'''
lemma nn_integral_gauss_dens_origin_second_moment:
  assumes s: "0 < s"
  shows "(\<integral>\<^sup>+y. gauss_dens s 0 (y::'a::euclidean_space) * (norm y)\<^sup>2 \<partial>lborel) = real DIM('a) * s"
proof -
  have moment1: "(\<integral>\<^sup>+t. normal_density 0 (sqrt s) t \<partial>lborel) = 1"
    using s by (subst nn_integral_eq_integral) auto
  have "has_bochner_integral lborel (\<lambda>t. normal_density 0 (sqrt s) t * t\<^sup>2) s"
    using normal_moment_even[where k=1 and \<mu>=0 and \<sigma>="sqrt s"] s by (simp add: numeral_2_eq_2)
  then have moment2: "(\<integral>\<^sup>+t. normal_density 0 (sqrt s) t * t\<^sup>2 \<partial>lborel) = s"
    by (subst nn_integral_eq_integral)
       (auto intro: integrable.intros dest: has_bochner_integral_integral_eq)
  have "(\<integral>\<^sup>+y. gauss_dens s 0 (y::'a) * (norm y)\<^sup>2 \<partial>lborel)
     = (\<integral>\<^sup>+y. (\<Sum>b\<in>Basis. ennreal (gauss_dens s 0 (y::'a) * (y \<bullet> b)\<^sup>2)) \<partial>lborel)"
    by (simp add: norm_power2_eq_sum_Basis sum_distrib_left)
  also have "\<dots> = (\<Sum>b\<in>(Basis::'a set). (\<integral>\<^sup>+y. gauss_dens s 0 y * (y \<bullet> b)\<^sup>2 \<partial>lborel))"
    by (rule nn_integral_sum) auto
  also have "\<dots> = (\<Sum>b\<in>(Basis::'a set). ennreal s)"
  proof (rule sum.cong[OF refl])
    fix b :: 'a assume b: "b \<in> Basis"
    have "(\<integral>\<^sup>+y. gauss_dens s 0 y * (y \<bullet> b)\<^sup>2 \<partial>lborel)
      = (\<integral>\<^sup>+y. (\<Prod>b'\<in>(Basis::'a set). ennreal (normal_density 0 (sqrt s) (y \<bullet> b')
                                                 * (if b' = b then (y \<bullet> b')\<^sup>2 else 1))) \<partial>lborel)"
      using b by (simp add: gauss_dens_eq_prod_normal_density[OF s] prod_ennreal prod.distrib)
    also have "\<dots> = (\<Prod>b'\<in>(Basis::'a set).
        (\<integral>\<^sup>+t. normal_density 0 (sqrt s) t * (if b' = b then t\<^sup>2 else 1) \<partial>lborel))"
      by (rule nn_integral_lborel_prod) auto
    also have "\<dots> = (\<Prod>b'\<in>(Basis::'a set). (if b' = b then ennreal s else 1))"
      by (rule prod.cong[OF refl]) (simp add: moment1 moment2)
    finally show "(\<integral>\<^sup>+y. gauss_dens s 0 y * (y \<bullet> b)\<^sup>2 \<partial>lborel) = ennreal s"
      using b by simp
  qed
  also have "\<dots> = real DIM('a) * s"
    using s by (simp add: ennreal_mult' ennreal_of_nat_eq_real_of_nat)
  finally show ?thesis .
qed

lemma has_bochner_integral_gauss_dens:
  assumes s: "0 < s"
  shows "has_bochner_integral lborel (gauss_dens s (x::'a::euclidean_space)) 1"
proof (rule has_bochner_integral_nn_integral)
  have "(\<integral>\<^sup>+y. gauss_dens s x y \<partial>lborel) = (\<integral>\<^sup>+y. gauss_dens s x (x + y) \<partial>lborel)"
    by (rule nn_integral_lborel_translate[symmetric]) measurable
  also have "\<dots> = 1"
    by (simp add: gauss_dens_shift[of s x] nn_integral_gauss_dens_origin[OF s])
  finally show "(\<integral>\<^sup>+y. gauss_dens s x y \<partial>lborel) = ennreal 1" by simp
qed auto

lemma has_bochner_integral_gauss_dens_second_moment:
  assumes s: "0 < s"
  shows "has_bochner_integral lborel (\<lambda>y. gauss_dens s (x::'a::euclidean_space) y * (norm (y - x))\<^sup>2)
           (real DIM('a) * s)"
proof (rule has_bochner_integral_nn_integral)
  have "(\<integral>\<^sup>+y. gauss_dens s x y * (norm (y - x))\<^sup>2 \<partial>lborel)
     = (\<integral>\<^sup>+y. gauss_dens s x (x + y) * (norm ((x + y) - x))\<^sup>2 \<partial>lborel)"
    by (rule nn_integral_lborel_translate[symmetric]) measurable
  also have "\<dots> = real DIM('a) * s"
    by (simp add: gauss_dens_shift[of s x] nn_integral_gauss_dens_origin_second_moment[OF s])
  finally show "(\<integral>\<^sup>+y. gauss_dens s x y * (norm (y - x))\<^sup>2 \<partial>lborel) = ennreal (real DIM('a) * s)" .
qed (use s in auto)

lemma integrable_gauss_dens [simp]: "0 < s \<Longrightarrow> integrable lborel (gauss_dens s x)"
  using has_bochner_integral_gauss_dens integrable.intros by blast

lemma integral_gauss_dens [simp]: "0 < s \<Longrightarrow> (\<integral>y. gauss_dens s x y \<partial>lborel) = 1"
  using has_bochner_integral_gauss_dens has_bochner_integral_integral_eq by blast

lemma integrable_gauss_dens_second_moment:
  "0 < s \<Longrightarrow> integrable lborel (\<lambda>y. gauss_dens s x y * (norm (y - x))\<^sup>2)"
  using has_bochner_integral_gauss_dens_second_moment integrable.intros by blast

lemma integral_gauss_dens_second_moment:
  "0 < s \<Longrightarrow> (\<integral>y. gauss_dens s x y * (norm (y - x))\<^sup>2 \<partial>lborel) = real DIM('a) * s"
  for x :: "'a::euclidean_space"
  using has_bochner_integral_gauss_dens_second_moment has_bochner_integral_integral_eq by blast

lemma
  assumes s: "0 < s"
  shows integrable_gauss_dens_norm_power2:
      "integrable lborel (\<lambda>y. gauss_dens s (x::'a::euclidean_space) y * (norm y)\<^sup>2)"
    and integral_gauss_dens_norm_power2_le:
      "(\<integral>y. gauss_dens s x y * (norm y)\<^sup>2 \<partial>lborel) \<le> 2 * real DIM('a) * s + 2 * (norm x)\<^sup>2"
proof -
  define bound where "bound y = 2 * (gauss_dens s x y * (norm (y - x))\<^sup>2) + 2 * (norm x)\<^sup>2 * gauss_dens s x y" for y
  have int_bound: "integrable lborel bound"
    unfolding bound_def using integrable_gauss_dens_second_moment[OF s, of x] s by auto
  have le: "gauss_dens s x y * (norm y)\<^sup>2 \<le> bound y" for y
    using mult_left_mono[OF power2_norm_add_le[of "y - x" x], of "gauss_dens s x y"]
    by (simp add: bound_def algebra_simps)
  show int: "integrable lborel (\<lambda>y. gauss_dens s x y * (norm y)\<^sup>2)"
    by (rule Bochner_Integration.integrable_bound[OF int_bound]) (auto intro: order_trans[OF le abs_ge_self])
  have "(\<integral>y. gauss_dens s x y * (norm y)\<^sup>2 \<partial>lborel) \<le> (\<integral>y. bound y \<partial>lborel)"
    by (rule integral_mono[OF int int_bound le])
  also have "\<dots> = 2 * real DIM('a) * s + 2 * (norm x)\<^sup>2"
    using integrable_gauss_dens_second_moment[OF s, of x] s by (simp add: bound_def integral_gauss_dens_second_moment)
  finally show "(\<integral>y. gauss_dens s x y * (norm y)\<^sup>2 \<partial>lborel) \<le> 2 * real DIM('a) * s + 2 * (norm x)\<^sup>2" .
qed

lemma gauss_exponent_split:
  fixes x y w :: "'a::real_inner"
  assumes t: "0 < t" and d: "0 < d"
  defines "m \<equiv> (d / (t + d)) *\<^sub>R x + (t / (t + d)) *\<^sub>R w"
  shows "(norm (y - x))\<^sup>2 / t + (norm (w - y))\<^sup>2 / d
       = (norm (w - x))\<^sup>2 / (t + d) + (norm (y - m))\<^sup>2 / (t * d / (t + d))"
proof -
  define a b s where "a = y - x" and "b = w - y" and "s = t + d"
  have s: "0 < s" using t d by (simp add: s_def)
  have "s *\<^sub>R m = d *\<^sub>R x + t *\<^sub>R w"
    using s by (simp add: m_def s_def[symmetric] scaleR_add_right)
  then have "s *\<^sub>R (y - m) = d *\<^sub>R a - t *\<^sub>R b"
    by (simp add: a_def b_def s_def algebra_simps)
  then have "s\<^sup>2 * (norm (y - m))\<^sup>2 = (norm (d *\<^sub>R a - t *\<^sub>R b))\<^sup>2"
    using s by (metis norm_scaleR power_mult_distrib abs_of_pos)
  also have "\<dots> = d * s * (norm a)\<^sup>2 + t * s * (norm b)\<^sup>2 - t * d * (norm (a + b))\<^sup>2"
    by (simp add: s_def power2_norm_eq_inner inner_commute[of b a] algebra_simps)
  finally have "(norm (y - x))\<^sup>2 / t + (norm (w - y))\<^sup>2 / d
      = (norm (w - x))\<^sup>2 / s + (norm (y - m))\<^sup>2 / (t * d / s)"
    using s t d by (simp add: a_def b_def field_simps power2_eq_square)
  then show ?thesis by (simp add: s_def)
qed

lemma gauss_dens_mult_gauss_dens:
  fixes x y w :: "'a::euclidean_space"
  assumes t: "0 < t" and d: "0 < d"
  shows "gauss_dens t x y * gauss_dens d y w
       = gauss_dens (t + d) x w * gauss_dens (t * d / (t + d)) ((d / (t + d)) *\<^sub>R x + (t / (t + d)) *\<^sub>R w) y"
proof -
  have "(2 * pi * t) powr e * (2 * pi * d) powr e = ((2 * pi * t) * (2 * pi * d)) powr e" for e
    by (rule powr_mult[symmetric])
  also have "(2 * pi * t) * (2 * pi * d) = (2 * pi * (t + d)) * (2 * pi * (t * d / (t + d)))"
    using t d by (simp add: field_simps)
  also have "((2 * pi * (t + d)) * (2 * pi * (t * d / (t + d)))) powr e
      = (2 * pi * (t + d)) powr e * (2 * pi * (t * d / (t + d))) powr e" for e
    by (rule powr_mult)
  finally have const: "(2 * pi * t) powr e * (2 * pi * d) powr e
      = (2 * pi * (t + d)) powr e * (2 * pi * (t * d / (t + d))) powr e" for e .
  have exp: "exp (- (norm (y - x))\<^sup>2 / (2 * t)) * exp (- (norm (w - y))\<^sup>2 / (2 * d))
      = exp (- (norm (w - x))\<^sup>2 / (2 * (t + d)))
        * exp (- (norm (y - ((d / (t + d)) *\<^sub>R x + (t / (t + d)) *\<^sub>R w)))\<^sup>2 / (2 * (t * d / (t + d))))"
  proof -
    have half: "- u / (2 * v) = - (u / v) / 2" for u v :: real
      by simp
    show ?thesis
      by (simp only: mult_exp_exp half add_divide_distrib[symmetric] minus_add_distrib[symmetric]
          gauss_exponent_split[OF t d])
  qed
  show ?thesis
    unfolding gauss_dens_def
    using const[of "- real DIM('a) / 2"] exp by (simp add: ac_simps)
qed

lemma integral_gauss_dens_conv:
  fixes x w :: "'a::euclidean_space"
  assumes t: "0 < t" and d: "0 < d"
  shows "(\<integral>y. gauss_dens t x y * gauss_dens d y w \<partial>lborel) = gauss_dens (t + d) x w"
  using t d by (simp add: gauss_dens_mult_gauss_dens)

section \<open>Gaussian smoothing\<close>

definition gauss_smooth :: "real \<Rightarrow> ('a::euclidean_space \<Rightarrow> real) \<Rightarrow> 'a \<Rightarrow> real" where
  "gauss_smooth s h x = (\<integral>y. gauss_dens s x y * h y \<partial>lborel)"

lemma gauss_smooth_measurable [measurable]:
  assumes [measurable]: "h \<in> borel_measurable borel"
  shows "gauss_smooth s h \<in> borel_measurable (borel :: 'a::euclidean_space measure)"
proof -
  have "(\<lambda>p::'a \<times> 'a. gauss_dens s (fst p) (snd p) * h (snd p)) \<in> borel_measurable (borel \<Otimes>\<^sub>M lborel)"
    by measurable
  then show ?thesis
    unfolding gauss_smooth_def[abs_def]
    by (intro lborel.borel_measurable_lebesgue_integral) (simp add: case_prod_beta)
qed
'''
§ **Assignment**
Go through the data above and find the lines with the word "cong". Copy each of those lines.

§ **Expected answer**
  proof (rule sum.cong[OF refl])
      by (rule prod.cong[OF refl]) (simp add: moment1 moment2)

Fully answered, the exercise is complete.